- About this task: Below are entries. Reproduce exactly the lines between the line holding "vertex missed by" and the line holding "(\<Union>M) = 2", inclusive, and only those.

[Stored items]
┌──
(* Let $G$ be a Tutte-Berge graph such that the induced subgraph of $G$ on $D(G)$ has no isolated vertices. Then $D(G)=\emptyset$ and $G$ has a perfect matching.
   Context: $\nu(G)$ is the matching number of $G$. For $U\subseteq V(G)$, $N_G(U)$ is the set of vertices adjacent to at least one vertex of $U$. $G$ is a Tutte-Berge graph if there exists an independent set $T$ of $G$ with $|T| = |N_G(T)| + |V(G)| - 2\nu(G)$. $D(G)$ is the set of vertices of $G$ left uncovered by at least one maximum matching of $G$. *)

theory Defs
  imports Main
begin

definition simple_graph :: "'a set \<Rightarrow> 'a set set \<Rightarrow> bool" where
  "simple_graph V E \<longleftrightarrow> finite V \<and>
     (\<forall>e\<in>E. \<exists>u v. e = {u, v} \<and> u \<noteq> v \<and> u \<in> V \<and> v \<in> V)"

definition matching :: "'a set set \<Rightarrow> 'a set set \<Rightarrow> bool" where
  "matching E M \<longleftrightarrow> M \<subseteq> E \<and> (\<forall>e1\<in>M. \<forall>e2\<in>M. e1 \<noteq> e2 \<longrightarrow> e1 \<inter> e2 = {})"

definition matching_number :: "'a set set \<Rightarrow> nat" where
  "matching_number E = Max (card ` {M. matching E M})"

definition max_matching :: "'a set set \<Rightarrow> 'a set set \<Rightarrow> bool" where
  "max_matching E M \<longleftrightarrow> matching E M \<and> card M = matching_number E"

definition perfect_matching :: "'a set \<Rightarrow> 'a set set \<Rightarrow> 'a set set \<Rightarrow> bool" where
  "perfect_matching V E M \<longleftrightarrow> matching E M \<and> \<Union>M = V"

definition nbhd :: "'a set set \<Rightarrow> 'a set \<Rightarrow> 'a set" where
  "nbhd E U = {v. \<exists>u\<in>U. {u, v} \<in> E}"

definition independent :: "'a set set \<Rightarrow> 'a set \<Rightarrow> bool" where
  "independent E T \<longleftrightarrow> (\<forall>u\<in>T. \<forall>v\<in>T. {u, v} \<notin> E)"

definition tutte_berge_graph :: "'a set \<Rightarrow> 'a set set \<Rightarrow> bool" where
  "tutte_berge_graph V E \<longleftrightarrow> (\<exists>T. T \<subseteq> V \<and> independent E T \<and>
     int (card T) = int (card (nbhd E T)) + int (card V) - 2 * int (matching_number E))"

definition D_set :: "'a set \<Rightarrow> 'a set set \<Rightarrow> 'a set" where
  "D_set V E = {v\<in>V. \<exists>M. max_matching E M \<and> v \<notin> \<Union>M}"

end

theory Submission
  imports Defs
begin

text \<open>Let \<open>T\<close> be an independent set witnessing the Tutte-Berge equality and \<open>M\<close> a maximum
  matching. Matching partners map the covered vertices of \<open>T\<close> injectively into \<open>N(T)\<close>, so
  \<open>|T| \<le> |N(T)| + |T - \<Union>M|\<close>; the equality then forces \<open>|V - \<Union>M| \<le> |T - \<Union>M|\<close>, i.e. every
  vertex missed by a maximum matching lies in \<open>T\<close>. Hence \<open>D(G) \<subseteq> T\<close> is independent, and
  since \<open>D(G)\<close> has no isolated vertices it must be empty: every maximum matching is perfect.\<close>

lemma simple_graph_edgeE:
  assumes "simple_graph V E" "e \<in> E"
  obtains u v where "e = {u, v}" "u \<noteq> v" "u \<in> V" "v \<in> V"
  using assms unfolding simple_graph_def by blast

lemma simple_graph_edges_subset: "simple_graph V E \<Longrightarrow> E \<subseteq> Pow V"
  by (blast elim: simple_graph_edgeE)

lemma simple_graph_finite_edges: "simple_graph V E \<Longrightarrow> finite E"
  by (metis finite_Pow_iff finite_subset simple_graph_def simple_graph_edges_subset)

lemma matching_Union_subset:
  assumes "simple_graph V E" "matching E M"
  shows "\<Union>M \<subseteq> V"
proof -
  have "M \<subseteq> Pow V"
    using assms simple_graph_edges_subset unfolding matching_def by (meson subset_trans)
  then show ?thesis
    by blast
qed

lemma card_Union_matching:
  assumes "simple_graph V E" "matching E M"
  shows "card (\<Union>M) = 2 * card M"
proof -
  have two: "card e = 2" if "e \<in> M" for e
    using that assms unfolding matching_def by (auto elim: simple_graph_edgeE)
  have "card (\<Union>M) = sum card M"
  proof (rule card_Union_disjoint)
    show "pairwise disjnt M"
      using assms(2) unfolding matching_def pairwise_def disjnt_def by blast
    show "finite e" if "e \<in> M" for e
      using two[OF that] by (simp add: card_ge_0_finite)
  qed
  also have "\<dots> = 2 * card M"
    using two by simp
  finally show ?thesis .
qed

lemma max_matching_exists:
  assumes "simple_graph V E"
  shows "\<exists>M. max_matching E M"
proof -
  have "finite {M. matching E M}"
    using simple_graph_finite_edges[OF assms] unfolding matching_def by simp
  moreover have "matching E {}"
    unfolding matching_def by simp
  ultimately have "matching_number E \<in> card ` {M. matching E M}"
    unfolding matching_number_def by (intro Max_in) auto
  then show ?thesis
    unfolding max_matching_def by auto
qed

lemma matching_partner:
  assumes "simple_graph V E" "matching E M" "t \<in> \<Union>M"
  obtains w where "{t, w} \<in> M" "w \<noteq> t"
proof -
  obtain e where e: "e \<in> M" "t \<in> e"
    using assms(3) by blast
  then have "e \<in> E"
    using assms(2) unfolding matching_def by blast
  then obtain u v where "e = {u, v}" "u \<noteq> v"
    by (rule simple_graph_edgeE[OF assms(1)])
  with e that show ?thesis
    by (auto simp: insert_commute)
qed

lemma card_matched_le_card_nbhd:
  assumes sg: "simple_graph V E" and m: "matching E M" and T: "T \<subseteq> V"
  shows "card (T \<inter> \<Union>M) \<le> card (nbhd E T)"
proof -
  define partner where "partner t = (SOME w. {t, w} \<in> M \<and> w \<noteq> t)" for t
  have partner: "{t, partner t} \<in> M \<and> partner t \<noteq> t" if covered: "t \<in> \<Union>M" for t
  proof -
    obtain w where "{t, w} \<in> M \<and> w \<noteq> t"
      using matching_partner[OF sg m covered] by blast
    then show ?thesis
      unfolding partner_def by (rule someI)
  qed
  have "inj_on partner (T \<inter> \<Union>M)"
  proof (rule inj_onI)
    fix t s assume t: "t \<in> T \<inter> \<Union>M" and s: "s \<in> T \<inter> \<Union>M" and eq: "partner t = partner s"
    have "{t, partner t} \<in> M" "{s, partner s} \<in> M"
      using partner t s by blast+
    moreover have "{t, partner t} \<inter> {s, partner s} \<noteq> {}"
      using eq by blast
    ultimately have "{t, partner t} = {s, partner s}"
      using m unfolding matching_def by metis
    then show "t = s"
      using partner[of t] t eq by (auto simp: doubleton_eq_iff)
  qed
  moreover have "partner ` (T \<inter> \<Union>M) \<subseteq> nbhd E T"
  proof
    fix w assume "w \<in> partner ` (T \<inter> \<Union>M)"
    then obtain t where "t \<in> T" "t \<in> \<Union>M" "w = partner t"
      by blast
    moreover have "M \<subseteq> E"
      using m unfolding matching_def by blast
    ultimately show "w \<in> nbhd E T"
      using partner[of t] unfolding nbhd_def by blast
  qed
  moreover have "finite (nbhd E T)"
  proof (rule finite_subset)
    show "nbhd E T \<subseteq> V"
      using simple_graph_edges_subset[OF sg] unfolding nbhd_def by blast
    show "finite V"
      using sg unfolding simple_graph_def by blast
  qed
  ultimately show ?thesis
    by (rule card_inj_on_le)
qed

lemma uncovered_subset_tutte_berge_set:
  assumes sg: "simple_graph V E" and T: "T \<subseteq> V"
    and eq: "int (card T) = int (card (nbhd E T)) + int (card V) - 2 * int (matching_number E)"
    and mm: "max_matching E M"
  shows "V - \<Union>M \<subseteq> T"
proof -
  have m: "matching E M" and cM: "card M = matching_number E"
    using mm unfolding max_matching_def by auto
  have fV: "finite V"
    using sg unfolding simple_graph_def by blast
  have UV: "\<Union>M \<subseteq> V"
    using matching_Union_subset[OF sg m] .
  have "card (V - \<Union>M) = card V - 2 * matching_number E"
    using card_Diff_subset[OF finite_subset[OF UV fV] UV] card_Union_matching[OF sg m] cM
    by simp
  moreover have "card T = card (T \<inter> \<Union>M) + card (T - \<Union>M)"
    using finite_subset[OF T fV] by (rule card_Int_Diff)
  moreover note card_matched_le_card_nbhd[OF sg m T]
  moreover have "card (\<Union>M) \<le> card V"
    using card_mono[OF fV UV] .
  ultimately have "card (V - \<Union>M) \<le> card (T - \<Union>M)"
    using eq card_Union_matching[OF sg m] cM by linarith
  moreover have "T - \<Union>M \<subseteq> V - \<Union>M"
    using T by blast
  ultimately have "T - \<Union>M = V - \<Union>M"
    using fV by (intro card_seteq) auto
  then show ?thesis
    by blast
qed

lemma D_set_subset_tutte_berge_set:
  assumes "simple_graph V E" "T \<subseteq> V"
    and "int (card T) = int (card (nbhd E T)) + int (card V) - 2 * int (matching_number E)"
  shows "D_set V E \<subseteq> T"
  using uncovered_subset_tutte_berge_set[OF assms] unfolding D_set_def by blast

lemma perfect_matching_if_D_set_empty:
  assumes "simple_graph V E" "D_set V E = {}"
  shows "\<exists>M. perfect_matching V E M"
proof -
  obtain M where M: "max_matching E M"
    using max_matching_exists[OF assms(1)] by blast
  then have "matching E M"
    unfolding max_matching_def by simp
  moreover have "V \<subseteq> \<Union>M"
    using M assms(2) unfolding D_set_def by blast
  ultimately show ?thesis
    using matching_Union_subset[OF assms(1)] unfolding perfect_matching_def by blast
qed

theorem lemma2p9:
  fixes V :: "'a set" and E :: "'a set set"
  assumes "simple_graph V E"
    and "tutte_berge_graph V E"
    and "\<forall>v\<in>D_set V E. \<exists>u\<in>D_set V E. {u, v} \<in> E"
  shows "D_set V E = {} \<and> (\<exists>M. perfect_matching V E M)"
proof -
  obtain T where T: "T \<subseteq> V" "independent E T"
    "int (card T) = int (card (nbhd E T)) + int (card V) - 2 * int (matching_number E)"
    using assms(2) unfolding tutte_berge_graph_def by blast
  have "D_set V E \<subseteq> T"
    using D_set_subset_tutte_berge_set[OF assms(1) T(1,3)] .
  with T(2) assms(3) have "D_set V E = {}"
    unfolding independent_def by blast
  with perfect_matching_if_D_set_empty[OF assms(1)] show ?thesis
    by blast
qed

end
└──
- Response to this task:
  vertex missed by a maximum matching lies in \<open>T\<close>. Hence \<open>D(G) \<subseteq> T\<close> is independent, and
  since \<open>D(G)\<close> has no isolated vertices it must be empty: every maximum matching is perfect.\<close>

lemma simple_graph_edgeE:
  assumes "simple_graph V E" "e \<in> E"
  obtains u v where "e = {u, v}" "u \<noteq> v" "u \<in> V" "v \<in> V"
  using assms unfolding simple_graph_def by blast

lemma simple_graph_edges_subset: "simple_graph V E \<Longrightarrow> E \<subseteq> Pow V"
  by (blast elim: simple_graph_edgeE)

lemma simple_graph_finite_edges: "simple_graph V E \<Longrightarrow> finite E"
  by (metis finite_Pow_iff finite_subset simple_graph_def simple_graph_edges_subset)

lemma matching_Union_subset:
  assumes "simple_graph V E" "matching E M"
  shows "\<Union>M \<subseteq> V"
proof -
  have "M \<subseteq> Pow V"
    using assms simple_graph_edges_subset unfolding matching_def by (meson subset_trans)
  then show ?thesis
    by blast
qed

lemma card_Union_matching:
  assumes "simple_graph V E" "matching E M"
  shows "card (\<Union>M) = 2 * card M"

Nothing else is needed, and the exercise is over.